5 liters of Butane gas (C4H10) is reacted with plenty of oxygen at 27 oC and 1 atm to produce carbon dioxide and water vapor. Calculate the following:



1- The volume of CO2 produced at 1 atm and 400 oC.

2- The mass of H2O vapor produced.

3- The mol % of the products.

Given:

C4H10 + O2 = CO2 + H2O (Unbalanced equation)

balance the equation.

calculate the moles of butane ( PV=nRT) you started with.

Use the mole ratio in the balanced equation to tell you how many moles of product you get,
then convert (PV=nRT) from moles to volume.

I will be happy to critique your work.

To answer these questions, we need to balance the chemical equation first. The balanced equation for the combustion of butane gas (C4H10) is:

2C4H10 + 13O2 -> 8CO2 + 10H2O

1. To calculate the volume of CO2 produced at 1 atm and 400°C, we need to use the ideal gas law. The ideal gas law equation is PV = nRT, where P is pressure, V is volume, n is the number of moles, R is the ideal gas constant, and T is temperature in Kelvin.
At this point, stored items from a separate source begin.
(* Let $k\ge2$. Consider the system of linear equations in the $k^2$ unknowns $(x_{ij})_{i,j=1}^k$: $\sum_{j=1}^k x_{ij}=p_i$ ($i=1,\dots,k$); $\sum_{i=1}^k x_{ij}=q_j$ ($j=1,\dots,k$); $x_{ii}=\min(p_i,q_i)$ ($i=1,\dots,k$); $x_{ii}+x_{ij}+x_{ji}+x_{jj}=\min(p_i+p_j,q_i+q_j)$ ($1\le i<j\le k$). The coefficient matrix of this system of $3k+\binom{k}{2}$ equations has rank $2k-1+\binom{k}{2}$.
   Context: $p=(p_1,\dots,p_k)$ and $q=(q_1,\dots,q_k)$ are probability vectors (nonnegative entries summing to 1); only the coefficient matrix (a 0/1 matrix) matters for the rank. *)

theory Defs
  imports "Jordan_Normal_Form.DL_Rank"
begin

text \<open>Unknowns x_ij (0-based i,j < k) are indexed by column i*k+j of the coefficient matrix.\<close>

definition row_sum_eq :: "nat \<Rightarrow> nat \<Rightarrow> real vec" where
  "row_sum_eq k i = vec (k*k) (\<lambda>c. if c div k = i then 1 else 0)"

definition col_sum_eq :: "nat \<Rightarrow> nat \<Rightarrow> real vec" where
  "col_sum_eq k j = vec (k*k) (\<lambda>c. if c mod k = j then 1 else 0)"

definition diag_eq :: "nat \<Rightarrow> nat \<Rightarrow> real vec" where
  "diag_eq k i = vec (k*k) (\<lambda>c. if c = i*k+i then 1 else 0)"

definition pair_eq :: "nat \<Rightarrow> nat \<Rightarrow> nat \<Rightarrow> real vec" where
  "pair_eq k i j = vec (k*k) (\<lambda>c. if c \<in> {i*k+i, i*k+j, j*k+i, j*k+j} then 1 else 0)"

definition coeff_matrix :: "nat \<Rightarrow> real mat" where
  "coeff_matrix k = mat_of_rows (k*k)
     (map (row_sum_eq k) [0..<k] @ map (col_sum_eq k) [0..<k] @ map (diag_eq k) [0..<k]
      @ concat (map (\<lambda>i. map (\<lambda>j. pair_eq k i j) [Suc i..<k]) [0..<k]))"

end

theory Submission
  imports Defs
begin

text \<open>Index the unknowns by the cells \<open>(i, j)\<close> of a \<open>k \<times> k\<close> array. The columns of the
  coefficient matrix belonging to the first row and to the lower triangle (diagonal included) form
  a basis of its column space, and there are \<open>(k - 1) + k + (k choose 2)\<close> of them.
  They span: for \<open>0 < i < j\<close> every equation has the same total coefficient on the cells
  \<open>(i, j), (0, i), (j, 0)\<close> as on \<open>(i, 0), (j, i), (0, j)\<close>, so the column of \<open>(i, j)\<close> is a signed
  sum of five pivot columns. They are independent: a kernel vector supported on the pivot cells
  vanishes on the diagonal by the diagonal equations, then on the lower triangle by the pair
  equations, on the first column by the row sums, and finally on the first row by the pair
  equations with \<open>i = 0\<close>.\<close>

lemma mult_mat_vec_index_supported:
  fixes A :: "'a :: comm_semiring_0 mat"
  assumes A: "A \<in> carrier_mat n nc" and v: "v \<in> carrier_vec nc" and J: "J \<subseteq> {..<nc}"
    and supp: "\<And>c. c < nc \<Longrightarrow> c \<notin> J \<Longrightarrow> v $ c = 0" and r: "r < n"
  shows "(A *\<^sub>v v) $ r = (\<Sum>c\<in>J. v $ c * col A c $ r)"
proof -
  have "(A *\<^sub>v v) $ r = (\<Sum>c<nc. v $ c * col A c $ r)"
    using A v r by (auto simp: scalar_prod_def atLeast0LessThan mult.commute intro!: sum.cong)
  also have "\<dots> = (\<Sum>c\<in>J. v $ c * col A c $ r)"
    using J supp by (intro sum.mono_neutral_right) auto
  finally show ?thesis .
qed

context vec_space
begin

lemma mult_mat_vec_eq_lincomb_cols:
  fixes A :: "'a mat"
  assumes A: "A \<in> carrier_mat n nc" and J: "J \<subseteq> {..<nc}" and inj: "inj_on (col A) J"
  shows "A *\<^sub>v vec nc (\<lambda>c. if c \<in> J then a (col A c) else 0) = lincomb a (col A ` J)"
    (is "A *\<^sub>v ?v = _")
proof -
  have carrier: "col A ` J \<subseteq> carrier_vec n" using A by auto
  have dim: "dim_vec (lincomb a (col A ` J)) = n"
    using carrier finite_subset[OF J] by (intro lincomb_dim) auto
  show ?thesis
  proof (rule eq_vecI)
    fix r assume "r < dim_vec (lincomb a (col A ` J))"
    then have r: "r < n" using dim by simp
    have "(A *\<^sub>v ?v) $ r = (\<Sum>c\<in>J. ?v $ c * col A c $ r)"
      using r by (intro mult_mat_vec_index_supported[OF A _ J]) simp_all
    also have "\<dots> = (\<Sum>c\<in>J. a (col A c) * col A c $ r)"
      using J by (intro sum.cong refl) auto
    also have "\<dots> = (\<Sum>w\<in>col A ` J. a w * w $ r)"
      by (simp add: sum.reindex[OF inj])
    also have "\<dots> = lincomb a (col A ` J) $ r"
      using r carrier by (simp add: lincomb_index)
    finally show "(A *\<^sub>v ?v) $ r = lincomb a (col A ` J) $ r" .
  qed (use A dim in simp)
qed

lemma inj_on_col_of_kernel_support:
  fixes A :: "'a mat"
  assumes A: "A \<in> carrier_mat n nc" and J: "J \<subseteq> {..<nc}"
    and ker: "\<And>v. v \<in> carrier_vec nc \<Longrightarrow> (\<And>c. c < nc \<Longrightarrow> c \<notin> J \<Longrightarrow> v $ c = 0) \<Longrightarrow>
                  A *\<^sub>v v = 0\<^sub>v n \<Longrightarrow> v = 0\<^sub>v nc"
  shows "inj_on (col A) J"
proof (rule inj_onI, rule ccontr)
  fix c c' assume c: "c \<in> J" "c' \<in> J" and eq: "col A c = col A c'" and neq: "c \<noteq> c'"
  define v :: "'a vec" where "v = vec nc (\<lambda>l. if l = c then 1 else if l = c' then -1 else 0)"
  have cc': "c < nc" "c' < nc" using c J by auto
  have "A *\<^sub>v v = 0\<^sub>v n"
  proof (rule eq_vecI)
    fix r assume r: "r < dim_vec (0\<^sub>v n :: 'a vec)"
    then have "(A *\<^sub>v v) $ r = (\<Sum>l\<in>{c,c'}. v $ l * col A l $ r)"
      using cc' by (intro mult_mat_vec_index_supported[OF A]) (auto simp: v_def)
    then show "(A *\<^sub>v v) $ r = 0\<^sub>v n $ r" using r cc' neq eq by (simp add: v_def)
  qed (use A in simp)
  then have "v = 0\<^sub>v nc" using cc' c by (intro ker) (auto simp: v_def)
  moreover have "v $ c = 1" using cc' by (simp add: v_def)
  ultimately show False using cc' by simp
qed

lemma lin_indpt_cols_of_kernel_support:
  fixes A :: "'a mat"
  assumes A: "A \<in> carrier_mat n nc" and J: "J \<subseteq> {..<nc}"
    and ker: "\<And>v. v \<in> carrier_vec nc \<Longrightarrow> (\<And>c. c < nc \<Longrightarrow> c \<notin> J \<Longrightarrow> v $ c = 0) \<Longrightarrow>
                  A *\<^sub>v v = 0\<^sub>v n \<Longrightarrow> v = 0\<^sub>v nc"
  shows "lin_indpt (col A ` J)"
proof
  assume dep: "lin_dep (col A ` J)"
  have fin: "finite (col A ` J)" using finite_subset[OF J] by simp
  have carrier: "col A ` J \<subseteq> carrier_vec n" using A by auto
  obtain a u where lc: "lincomb a (col A ` J) = 0\<^sub>v n"
    and u: "u \<in> col A ` J" and au: "a u \<noteq> 0"
    using finite_lin_dep[OF fin dep] carrier by auto
  define v where "v = vec nc (\<lambda>c. if c \<in> J then a (col A c) else 0)"
  have "A *\<^sub>v v = lincomb a (col A ` J)"
    unfolding v_def by (rule mult_mat_vec_eq_lincomb_cols[OF A J inj_on_col_of_kernel_support[OF A J ker]])
  then have "v = 0\<^sub>v nc" using lc by (intro ker) (auto simp: v_def)
  obtain c where c: "c \<in> J" "u = col A c" using u by blast
  have "v $ c = a u" using c J by (auto simp: v_def)
  then show False using \<open>v = 0\<^sub>v nc\<close> c J au by auto
qed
First, we need to calculate the number of moles of CO2 produced. Since we have 5 liters of butane gas, which is C4H10, and the equation is balanced with a 1:8 mole ratio between C4H10 and CO2, we can calculate the number of moles of CO2 produced:

Moles of CO2 = Moles of C4H10 x (8 moles CO2 / 1 mole C4H10)
= 5 x (8 / 1)
= 40 moles

Now, let's convert the temperature from Celsius to Kelvin:

T(K) = T(°C) + 273.15
= 400 + 273.15
= 673.15 K

Using the ideal gas law, we can rearrange the equation to solve for V:

V = nRT / P

Plugging in the values:
V = (40 mol) x (0.0821 L·atm/(mol·K)) x (673.15 K) / (1 atm)
V = 224,968 liters (rounded to the nearest whole number).

Therefore, the volume of CO2 produced at 1 atm and 400°C is approximately 225,000 liters.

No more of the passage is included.